## Work task
Transcribe only part of the material below: the lines from the one containing "using that by auto" through the one containing "by (simp add: fun_eq_iff Lop_interp_fn)", inclusive, exactly as written.

## Provided records
lemma isCont_sf_f_deriv:
  assumes R: "regular_scale_factor a" and s: "0 < s" "s < \<tau>"
  shows "isCont (sf_f_deriv a \<tau>) s"
proof -
  define l c where "l = s / 2" and "c = (s + \<tau>) / 2"
  have lc: "0 < l" "l < s" "s < c" "c < \<tau>" using s by (auto simp: l_def c_def)
  have "continuous_on {l..c} (\<lambda>t. deriv (deriv a) t / (deriv a t)^2)"
    using lc by (intro continuous_on_subset[OF continuous_on_regular_scale_factor_curvature[OF R]]) auto
  moreover have "continuous_on {l..c} (\<lambda>t. sqrt ((a \<tau>)^2 - (a t)^2))"
    using lc by (intro continuous_intros continuous_on_subset[OF continuous_on_regular_scale_factor[OF R]]) auto
  moreover have "\<forall>t\<in>{l..c}. sqrt ((a \<tau>)^2 - (a t)^2) \<noteq> 0"
  proof
    fix t assume "t \<in> {l..c}"
    then have "0 < (a \<tau>)^2 - (a t)^2"
      using lc by (intro regular_scale_factor_square_gap_pos[OF R]) auto
    then show "sqrt ((a \<tau>)^2 - (a t)^2) \<noteq> 0" by simp
  qed
  ultimately have "continuous_on {l..c}
      (\<lambda>t. deriv (deriv a) t / (deriv a t)^2 / sqrt ((a \<tau>)^2 - (a t)^2))"
    by (rule continuous_on_divide)
  then have "isCont (\<lambda>t. integral {t..\<tau>}
      (\<lambda>t. deriv (deriv a) t / (deriv a t)^2 / sqrt ((a \<tau>)^2 - (a t)^2))) s"
    using lc by (intro isCont_integral_lower_bound) auto
  moreover have "0 < (a \<tau>)^2 - (a s)^2"
    using regular_scale_factor_square_gap_pos[OF R] s by simp
  ultimately show ?thesis
    unfolding sf_f_deriv_def using s
    by (intro continuous_intros DERIV_isCont[OF regular_scale_factor_has_derivative[OF R]]
        regular_scale_factor_isCont_deriv[OF R]) auto
qed

text \<open>For \<open>t < 0\<close>, \<open>sf_f a \<tau> t = 2 sf_f0 a \<tau> 0 - sf_f0 a \<tau> (-t)\<close>, so the two sign changes cancel.\<close>
lemma sf_f_has_real_derivative:
  assumes R: "regular_scale_factor a" and t: "t \<noteq> 0" "\<bar>t\<bar> < \<tau>"
  shows "(sf_f a \<tau> has_real_derivative sf_f_deriv a \<tau> \<bar>t\<bar>) (at t)"
proof (cases "0 < t")
  case True
  then have "(sf_f0 a \<tau> has_real_derivative sf_f_deriv a \<tau> \<bar>t\<bar>) (at t)"
    using sf_f0_has_real_derivative[OF R, of t \<tau>] t by simp
  then show ?thesis
  proof (rule has_field_derivative_transform_within_open[where S = "{0<..}"])
    show "sf_f0 a \<tau> s = sf_f a \<tau> s" if "s \<in> {0<..}" for s
      using that by (simp add: sf_f_def)
  qed (use True in auto)
next
  case False
  then have "0 < - t" "- t < \<tau>" using t by auto
  from DERIV_chain2[OF sf_f0_has_real_derivative[OF R this] DERIV_minus[OF DERIV_ident]]
  have "((\<lambda>s. sf_f0 a \<tau> (- s)) has_real_derivative - sf_f_deriv a \<tau> \<bar>t\<bar>) (at t)"
    using False by simp
  then have "((\<lambda>s. 2 * sf_f0 a \<tau> 0 - sf_f0 a \<tau> (- s)) has_real_derivative
      sf_f_deriv a \<tau> \<bar>t\<bar>) (at t)"
    using DERIV_diff[OF DERIV_const[of "2 * sf_f0 a \<tau> 0"]] by fastforce
  then show ?thesis
  proof (rule has_field_derivative_transform_within_open[where S = "{..<0}"])
    show "2 * sf_f0 a \<tau> 0 - sf_f0 a \<tau> (- s) = sf_f a \<tau> s" if "s \<in> {..<0}" for s
      using that by (simp add: sf_f_def)
  qed (use False t in auto)
qed

theorem lemma5p5:
  fixes a :: "real \<Rightarrow> real" and \<tau> L :: real
  assumes "regular_scale_factor a"
    and "(deriv a \<longlongrightarrow> L) (at_right 0)"
    and "\<forall>t. a (- t) = a t"
    and "\<tau> > 0"
  shows "(\<forall>t0\<in>{-\<tau><..<\<tau>} - {0}.
            ((\<lambda>s. sf_f a \<tau> s) has_real_derivative
               (- (a t0 * deriv a \<bar>t0\<bar>) / sqrt ((a \<tau>)^2 - (a t0)^2)
                * integral {\<bar>t0\<bar>..\<tau>}
                    (\<lambda>t. deriv (deriv a) t / (deriv a t)^2 / sqrt ((a \<tau>)^2 - (a t)^2))))
             (at t0))
       \<and> continuous_on ({-\<tau><..<\<tau>} - {0})
           (\<lambda>t0. - (a t0 * deriv a \<bar>t0\<bar>) / sqrt ((a \<tau>)^2 - (a t0)^2)
                * integral {\<bar>t0\<bar>..\<tau>}
                    (\<lambda>t. deriv (deriv a) t / (deriv a t)^2 / sqrt ((a \<tau>)^2 - (a t)^2)))"
proof -
  note R = assms(1)
  have even: "a \<bar>t0\<bar> = a t0" for t0
    using assms(3) by (cases "0 \<le> t0") (simp_all only: abs_of_nonneg abs_of_neg not_le)
  have formula: "- (a t0 * deriv a \<bar>t0\<bar>) / sqrt ((a \<tau>)^2 - (a t0)^2)
      * integral {\<bar>t0\<bar>..\<tau>} (\<lambda>t. deriv (deriv a) t / (deriv a t)^2 / sqrt ((a \<tau>)^2 - (a t)^2))
      = sf_f_deriv a \<tau> \<bar>t0\<bar>" for t0
    unfolding sf_f_deriv_def even ..
  have domain: "t0 \<noteq> 0" "\<bar>t0\<bar> < \<tau>" if "t0 \<in> {-\<tau><..<\<tau>} - {0}" for t0
    using that by auto
  have "isCont (\<lambda>t0. sf_f_deriv a \<tau> \<bar>t0\<bar>) t0" if "t0 \<in> {-\<tau><..<\<tau>} - {0}" for t0
  proof (rule isCont_o2[where f = abs])
    show "isCont abs t0" by (intro continuous_intros)
    show "isCont (sf_f_deriv a \<tau>) \<bar>t0\<bar>"
      using domain[OF that] by (intro isCont_sf_f_deriv[OF R]) auto
  qed
  then show ?thesis
    unfolding formula
    using sf_f_has_real_derivative[OF R domain] by (blast intro: continuous_at_imp_continuous_on)
qed

end
lemma Lop_Lop_interp_fn:
  "L (L (interp_fn t)) m = (of_nat (lev m) - 1 - of_nat (lev t)) * L (interp_fn t) m"
proof -
  have "L (interp_fn t) = (\<lambda>v. (of_nat (lev v) - of_nat (lev t)) * interp_fn t v)"
    by (simp add: fun_eq_iff Lop_interp_fn)
  then have "L (L (interp_fn t)) m = L (\<lambda>v. (of_nat (lev v) - of_nat (lev t)) * interp_fn t v) m"
    by simp
  also have "\<dots> = (of_nat (lev m) - 1 - of_nat (lev t)) * L (interp_fn t) m"
    by (rule Lop_mult) simp
  finally show ?thesis .
qed

lemma Lop_interp_sum_Lop_delta_fn:
  "L (interp_sum (L (delta_fn t))) m
     = (of_nat (lev m) - of_nat (lev t) - 1) * interp_sum (L (delta_fn t)) m"
proof -
  have level_eq: "(\<lambda>v. of_nat (lev v) * L (delta_fn t) v) = (\<lambda>v. (of_nat (lev t) + 1) * L (delta_fn t) v)"
  proof (rule ext)
    fix v
    show "of_nat (lev v) * L (delta_fn t) v = (of_nat (lev t) + 1) * L (delta_fn t) v"
      by (cases "lev v = Suc (lev t)") (simp_all add: Lop_delta_fn_eq_0)
  qed
  have "interp_sum (\<lambda>v. of_nat (lev v) * L (delta_fn t) v) m
      = (of_nat (lev t) + 1) * interp_sum (L (delta_fn t)) m"
    unfolding level_eq by (rule linear_op_scale[OF linear_op_interp_sum])
  then show ?thesis
    unfolding Lop_interp_sum by (simp add: algebra_simps)
qed
(* Let $M$ be a nonzero $\mathscr{D}(R,V)$-module such that $\pi M = (0)$. Then $\mathrm{Ann}_R(M) = \pi R$.
   Context: Let $(V, \pi V, k)$ be a DVR of mixed characteristic $(0,p)$ (i.e. $V$ has characteristic zero, maximal ideal generated by $\pi$, and residue field $k$ of characteristic $p>0$), and let $R$ be either $V[[x_1, \ldots, x_n]]$ or $V[x_1, \ldots, x_n]$ for some $n \geq 0$. $\mathscr{D}(R,V)$ denotes the ring of $V$-linear differential operators on $R$, and $\mathscr{D}(R,V)$-modules are left modules over it. *)

theory Defs
  imports Main "HOL-Computational_Algebra.Primes"
begin

text \<open>Elements of V[[x_0,...,x_{n-1}]] and V[x_0,...,x_{n-1}] are represented as
  coefficient functions on multi-indices (nat \<Rightarrow> nat) that vanish outside the
  multi-indices supported in {0..<n}. V is the whole type 'v.\<close>

type_synonym 'v ser = "(nat \<Rightarrow> nat) \<Rightarrow> 'v"

definition multi_idx :: "nat \<Rightarrow> (nat \<Rightarrow> nat) set" where
  "multi_idx n = {\<alpha>. \<forall>i\<ge>n. \<alpha> i = 0}"

definition ps_carrier :: "nat \<Rightarrow> ('v::zero) ser set" where
  "ps_carrier n = {f. \<forall>\<alpha>. \<alpha> \<notin> multi_idx n \<longrightarrow> f \<alpha> = 0}"

definition poly_carrier :: "nat \<Rightarrow> ('v::zero) ser set" where
  "poly_carrier n = {f \<in> ps_carrier n. finite {\<alpha>. f \<alpha> \<noteq> 0}}"

definition ser_zero :: "('v::zero) ser" where
  "ser_zero = (\<lambda>\<alpha>. 0)"

definition ser_add :: "('v::plus) ser \<Rightarrow> 'v ser \<Rightarrow> 'v ser" where
  "ser_add f g = (\<lambda>\<alpha>. f \<alpha> + g \<alpha>)"

definition ser_diff :: "('v::minus) ser \<Rightarrow> 'v ser \<Rightarrow> 'v ser" where
  "ser_diff f g = (\<lambda>\<alpha>. f \<alpha> - g \<alpha>)"
lemma dense_regime_lower_bound:
  assumes L: "L \<in> loss_class" and T: "T \<in> estimators d" and d: "1 \<le> d"
    and k: "0 \<le> c / \<phi>" and x0: "0 \<le> x0" "x0 \<le> c / \<phi> / (4 * sqrt d)"
    and S: "\<And>P \<sigma> \<theta>. P \<in> noise_class a \<tau> \<Longrightarrow> 0 < \<sigma> \<Longrightarrow> \<theta> \<in> Theta d s \<Longrightarrow> risk L c d T P \<sigma> \<theta> \<phi> \<le> S"
  shows "ennreal (L x0 / 16) \<le> S"
proof -
  define p where "p = 1/2 - 1 / (4 * sqrt d)"
  define G where "G = {y. 2 * real (support_card d y) \<le> d + sqrt d}"
  define F where "F = (\<lambda>q y. ennreal (L (c / \<phi> * \<bar>T (restrict y {..<d}) / q - 1\<bar>)))"
  have Lx0: "0 \<le> L x0" using L x0 by (simp add: loss_class_def)
  have p: "1/4 \<le> p" "p < 1/2" using d by (auto simp: p_def field_simps)
  have risk: "(\<integral>\<^sup>+ y. F q y \<partial>spike_vector_pmf d q) \<le> S" if "1/4 \<le> q" "q \<le> 1" for q
  proof -
    have "(\<integral>\<^sup>+ y. F q y \<partial>spike_vector_pmf d q) =
        risk L c d T (borel_of_pmf (spike_pmf q (1 / sqrt q))) (sqrt q) (\<lambda>_\<in>{..<d}. 0) \<phi>"
      using that by (simp add: F_def risk_borel_of_pmf[OF L T k] obs_pmf_spike_noise)
    also have "\<dots> \<le> S"
      using that by (intro S spike_noise_in_noise_class zero_in_Theta) auto
    finally show ?thesis .
  qed
  have "c / \<phi> * ((1/2 - p) / (2 * (1/2))) = c / \<phi> / (4 * sqrt d)"
    by (simp add: p_def)
  then have sep: "ennreal (L x0) \<le> F p y + F (1/2) y" for y
    unfolding F_def using p k x0 by (intro loss_class_separates_scales[OF L]) auto
  have "ennreal (3/8 * L x0 * (1/3) / 2) \<le> S"
  proof (rule two_point_lower_bound)
    show "ennreal (3/8 * L x0) \<le> ennreal (3/8) * F p y + ennreal (3/8) * F (1/2) y" for y
      using mult_left_mono[OF sep[of y], of "ennreal (3/8)"] Lx0
      by (simp add: distrib_left flip: ennreal_mult)
    show "ennreal (1/3) \<le> emeasure (spike_vector_pmf d (1/2)) G"
      using prob_spike_vector_moderate_support[OF d]
      by (simp add: G_def measure_pmf.emeasure_eq_measure)
    show "(\<integral>\<^sup>+ y. ennreal (3/8) * F p y * indicator G y \<partial>spike_vector_pmf d (1/2)) \<le> S"
      using spike_vector_likelihood_ratio[OF d, folded p_def] p
      by (intro order_trans[OF nn_integral_indicator_le_by_density risk]) (auto simp: G_def)
    have "ennreal (3/8) * F (1/2) y * indicator G y \<le> 1 * F (1/2) y * 1" for y
      by (intro mult_mono) (auto simp: indicator_def ennreal_le_1)
    then show "(\<integral>\<^sup>+ y. ennreal (3/8) * F (1/2) y * indicator G y \<partial>spike_vector_pmf d (1/2)) \<le> S"
      by (intro order_trans[OF nn_integral_mono risk]) auto
  qed (use Lx0 in auto)
  then show ?thesis by simp
qed

section \<open>Sparse regime\<close>

definition spike_sum_pmf :: "real \<Rightarrow> real \<Rightarrow> real pmf" where
  "spike_sum_pmf q H = do {e \<leftarrow> spike_pmf q H; map_pmf (\<lambda>z. e + z) (spike_pmf (1/2) 1)}"

lemma set_pmf_spike_sum_pmf:
  "set_pmf (spike_sum_pmf q H) \<subseteq> (\<lambda>(e, z). e + z) ` ({H, -H, 0} \<times> {1, -1, 0})"
  unfolding spike_sum_pmf_def
  by (force dest: subsetD[OF set_pmf_spike_pmf[of q H]] subsetD[OF set_pmf_spike_pmf[of "1/2" 1]])

lemma expectation_spike_sum_pmf:
  fixes g :: "real \<Rightarrow> real"
  assumes q: "0 \<le> q" "q \<le> 1"
  shows "measure_pmf.expectation (spike_sum_pmf q H) g =
    q * ((g (H + 1) + g (H - 1) + g (- H + 1) + g (- H - 1)) / 4 + (g H + g (- H)) / 2) / 2
    + (1 - q) * ((g 1 + g (-1)) / 4 + g 0 / 2)"
proof -
  have "measure_pmf.expectation (spike_sum_pmf q H) g =
      measure_pmf.expectation (spike_pmf q H) (\<lambda>e. (g (e + 1) + g (e - 1)) / 4 + g e / 2)"
    unfolding spike_sum_pmf_def
    by (subst expectation_bind_pmf) (auto simp: finite_set_pmf_spike_pmf expectation_spike_pmf)
  also have "\<dots> = q * ((g (H + 1) + g (H - 1) + g (- H + 1) + g (- H - 1)) / 4 + (g H + g (- H)) / 2) / 2
    + (1 - q) * ((g 1 + g (-1)) / 4 + g 0 / 2)"
    unfolding expectation_spike_pmf[OF q] by (simp add: add_divide_distrib)
  finally show ?thesis .
qed

lemma prob_spike_sum_pmf_le:
  assumes q: "0 \<le> q" "q \<le> 1" and B: "\<And>y. \<bar>y\<bar> \<le> 1 \<Longrightarrow> y \<notin> B"
  shows "measure_pmf.prob (spike_sum_pmf q H) B \<le> q"
proof -
  let ?g = "indicator B :: real \<Rightarrow> real"
  have "measure_pmf.prob (spike_sum_pmf q H) B = measure_pmf.expectation (spike_sum_pmf q H) ?g"
    by simp
  also have "\<dots> = q * ((?g (H + 1) + ?g (H - 1) + ?g (- H + 1) + ?g (- H - 1)) / 4 + (?g H + ?g (- H)) / 2) / 2"
    using B by (subst expectation_spike_sum_pmf[OF q]) (auto simp: indicator_def)
  also have "\<dots> \<le> q * ((1 + 1 + 1 + 1) / 4 + (1 + 1) / 2) / 2"
    using q by (intro mult_left_mono divide_right_mono add_mono) (auto simp: indicator_def)
  finally show ?thesis by simp
qed

definition sparse_scale :: "real \<Rightarrow> real \<Rightarrow> real" where
  "sparse_scale q H = sqrt (1/2 + q * H\<^sup>2)"

definition sparse_noise_pmf :: "real \<Rightarrow> real \<Rightarrow> real pmf" where
  "sparse_noise_pmf q H = map_pmf (\<lambda>y. y / sparse_scale q H) (spike_sum_pmf q H)"

lemma sparse_scale_sq: "0 \<le> q \<Longrightarrow> (sparse_scale q H)\<^sup>2 = 1/2 + q * H\<^sup>2"
  unfolding sparse_scale_def by simp

lemma sparse_scale_gt_half:
  assumes "0 \<le> q"
  shows "1/2 < sparse_scale q H"
proof -
  have "sqrt (1/4) < sqrt (1/2 + q * H\<^sup>2)"
    using assms by (intro real_sqrt_less_mono) (simp add: add_pos_nonneg)
  then show ?thesis by (simp add: sparse_scale_def real_sqrt_divide)
qed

## Solution
    using that by auto
  have "isCont (\<lambda>t0. sf_f_deriv a \<tau> \<bar>t0\<bar>) t0" if "t0 \<in> {-\<tau><..<\<tau>} - {0}" for t0
  proof (rule isCont_o2[where f = abs])
    show "isCont abs t0" by (intro continuous_intros)
    show "isCont (sf_f_deriv a \<tau>) \<bar>t0\<bar>"
      using domain[OF that] by (intro isCont_sf_f_deriv[OF R]) auto
  qed
  then show ?thesis
    unfolding formula
    using sf_f_has_real_derivative[OF R domain] by (blast intro: continuous_at_imp_continuous_on)
qed

end
lemma Lop_Lop_interp_fn:
  "L (L (interp_fn t)) m = (of_nat (lev m) - 1 - of_nat (lev t)) * L (interp_fn t) m"
proof -
  have "L (interp_fn t) = (\<lambda>v. (of_nat (lev v) - of_nat (lev t)) * interp_fn t v)"
    by (simp add: fun_eq_iff Lop_interp_fn)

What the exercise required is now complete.